Reduces expected calibration error (ECE) by an average of 7.5%.
Improves task accuracy by up to 8.3%.

Ablation Study¶

Configuration	Effect	Description
Full MMBoundary	Optimal	SFT + RL
SFT Only	Uniform confidence, poor discriminability	Demonstrates the necessity of RL
W/o CLIPScore	Multimodal calibration degrades	Visual signals are crucial for cross-modal confidence estimation
W/o \(R_{CS}\)	Internal-external consistency degrades	Self-calibration reward helps align internal and expressed confidence

Key Findings¶

Step-level confidence is more useful than overall confidence: Low-confidence steps can trigger self-correction, whereas overall confidence often underestimates correct steps because they are mixed with errors.
The RL phase is critical: Following SFT, the model tends to output uniform confidence, and the collaborative work of the three RL reward functions is essential to achieve discriminative calibration.
Cross-modal signals are indispensable: CLIPScore captures visual perceptual uncertainty that purely textual approaches cannot estimate.
Confidence improvement also brings accuracy gains: The knowledge accuracy reward optimizes answer quality while calibrating confidence.

Highlights & Insights¶

Step-level confidence statements: Appending a confidence statement after each sentence is an innovative design that transforms the reasoning chain into "self-aware" reasoning. This template can be ported to any LLM application requiring fine-grained uncertainty estimation.
Self-reward + RL training paradigm: Obviates the need for manual confidence annotations by leveraging internal model states as self-supervised signals. The two-stage SFT \(\rightarrow\) RL strategy elegantly decouples format learning from calibration optimization.
Natural language confidence expressions: More intuitive than numerical scores, naturally blending into the reasoning chain while facilitating downstream system processing (e.g., automatically steering away from low-confidence steps).

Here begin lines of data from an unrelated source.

lemma error_estimate:
  assumes x: "x \<in> lp_space p r" and tail: "tail_bound nu (\<lambda>j. mu j * \<bar>x j\<bar>) t (\<rho> powr t)"
    and t: "2 * p - 2 < t" "t < p" and \<rho>: "\<rho> > 0" and \<delta>: "\<delta> > 0" and \<tau>: "\<tau> > 0"
    and balance: "\<delta>\<^sup>2 = \<rho> powr t * \<tau> powr (2 - t)"
    and noise: "norm (g - A x) \<le> \<delta>" and \<alpha>: "\<alpha> > 0"
    and xh: "xh \<in> tikhonov_minimizers A p r \<alpha> g"
    and c\<^sub>l: "c\<^sub>l > 0" and c\<^sub>D: "c\<^sub>D \<ge> 1"
    and choice: "(c\<^sub>l * \<tau> powr (2 - p) \<le> \<alpha> \<and> \<alpha> \<le> c\<^sub>r * \<tau> powr (2 - p))
                 \<or> (c\<^sub>D * \<delta> \<le> norm (g - A xh) \<and> norm (g - A xh) \<le> C\<^sub>D * \<delta>)"
  shows "lp_norm p r (\<lambda>j. x j - xh j)
         \<le> rate_constant p t M c\<^sub>l c\<^sub>r C\<^sub>D powr (1 / p) * (\<rho> powr t * \<tau> powr (p - t)) powr (1 / p)"
proof -
  interpret budget: tikhonov_error_budget p M "2 powr t / (1 - 2 powr (t - p))"
    "2 powr (2 * p - 2) / (1 - 2 powr (2 * p - 2 - t))" "\<rho> powr t * \<tau> powr (p - t)" "\<tau> powr (2 - p)"
    \<delta> "norm (g - A xh)" \<alpha> "lp_norm 2 a (\<lambda>j. x j - xh j) powr 2"
    "small_part x \<tau> (\<lambda>j. (r j * \<bar>x j - xh j\<bar>) powr p)" "large_part x \<tau> (\<lambda>j. (r j * \<bar>x j - xh j\<bar>) powr p)"
    "small_part x \<tau> (\<lambda>j. (r j * \<bar>x j\<bar>) powr p)"
    "large_part x \<tau> (\<lambda>j. nu j * (mu j * \<bar>x j\<bar>) powr (2 * p - 2))"
    by (rule error_budget[OF x tail t \<rho> \<delta> \<tau> balance noise \<alpha> xh])
  define K where "K = rate_constant p t M c\<^sub>l c\<^sub>r C\<^sub>D"
  have "lp_norm p r (\<lambda>j. x j - xh j) powr p
      = small_part x \<tau> (\<lambda>j. (r j * \<bar>x j - xh j\<bar>) powr p) + large_part x \<tau> (\<lambda>j. (r j * \<bar>x j - xh j\<bar>) powr p)"
  proof (subst small_part_add_large_part)
    show "(\<lambda>j. (r j * \<bar>x j - xh j\<bar>) powr p) summable_on UNIV"
      using lp_space_diff[OF _ _ x, of xh] xh r_pos p_gt_1
      by (simp add: lp_space_def tikhonov_minimizers_def less_imp_le)
  qed (use p_gt_1 in \<open>simp add: lp_norm_powr\<close>)
  also have "\<dots> \<le> K * (\<rho> powr t * \<tau> powr (p - t))"
    using choice
  proof
    assume "c\<^sub>l * \<tau> powr (2 - p) \<le> \<alpha> \<and> \<alpha> \<le> c\<^sub>r * \<tau> powr (2 - p)"
    then show ?thesis
      using budget.error_bound_apriori[OF c\<^sub>l] budget.T
      unfolding K_def rate_constant_def Let_def by (smt (verit) max.cobounded1 mult_right_mono)
  next
    assume "c\<^sub>D * \<delta> \<le> norm (g - A xh) \<and> norm (g - A xh) \<le> C\<^sub>D * \<delta>"
    moreover have "\<delta> \<le> c\<^sub>D * \<delta>" using c\<^sub>D \<delta> by simp
    ultimately show ?thesis
      using budget.error_bound_discrepancy[of C\<^sub>D] budget.T
      unfolding K_def rate_constant_def Let_def by (smt (verit) max.cobounded2 mult_right_mono)
  qed
  finally have "lp_norm p r (\<lambda>j. x j - xh j) powr p \<le> K * (\<rho> powr t * \<tau> powr (p - t))" .
  then have "(lp_norm p r (\<lambda>j. x j - xh j) powr p) powr (1 / p) \<le> (K * (\<rho> powr t * \<tau> powr (p - t))) powr (1 / p)"
    using p_gt_1 by (intro powr_mono2) auto
  moreover have "lp_norm p r (\<lambda>j. x j - xh j) \<ge> 0" by (simp add: lp_norm_def)
  ultimately show ?thesis
    using p_gt_1 \<rho> \<tau> rate_constant_pos[OF _ t(2) t(1)] by (simp add: K_def powr_powr powr_mult)
qed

Limitations & Future Work¶

Dependency on reference reasoning chains: The knowledge accuracy reward requires labeled reference reasoning chains, which are expensive to acquire.
Adequacy of 5-level confidence granularity: Finer granularity might provide more precise calibration but also increases mapping complexity.
Lack of detail on self-correction trigger mechanism: The paper mentions that low confidence can trigger self-correction, but the implementation strategy for this correction is not fully elaborated.
Evaluated only on VQA tasks: Performance on more complex multimodal reasoning tasks (e.g., visual planning, multi-step mathematical reasoning) remains to be verified.

vs SaySelf: SaySelf also trains models to express confidence, but only at the overall answer level. MMBoundary elevates this to the step level, resolving the issue of hallucination propagation.
vs Sampling-based confidence approaches: Although observing consistency across multiple samples is intuitive, it incurs heavy computational costs and cannot locate specific steps. MMBoundary relies on internal states for a single-pass estimation, which is far more efficient.
vs Verbalized Confidence: Simply prompting the model to state its confidence is easily deceived by superficial calibration. MMBoundary truly aligns knowledge with confidence via RL.

Rating¶

Novelty: ⭐⭐⭐⭐⭐ Step-level confidence calibration is an important new direction. The entire framework, integrating multi-source signals, SFT, and RL, is elegantly designed.
Experimental Thoroughness: ⭐⭐⭐⭐ Evaluated on three datasets with various metrics and ablation analyses, though it lacks verification on more comprehensive multimodal reasoning benchmarks.
Writing Quality: ⭐⭐⭐⭐ The motivation is clear, the method description is systematic, and the paper is rich in mathematical formulations and charts.
Value: ⭐⭐⭐⭐⭐ Addresses the core reliability issue of MLLMs. Step-level confidence is highly significant for AI safety and human-AI collaboration.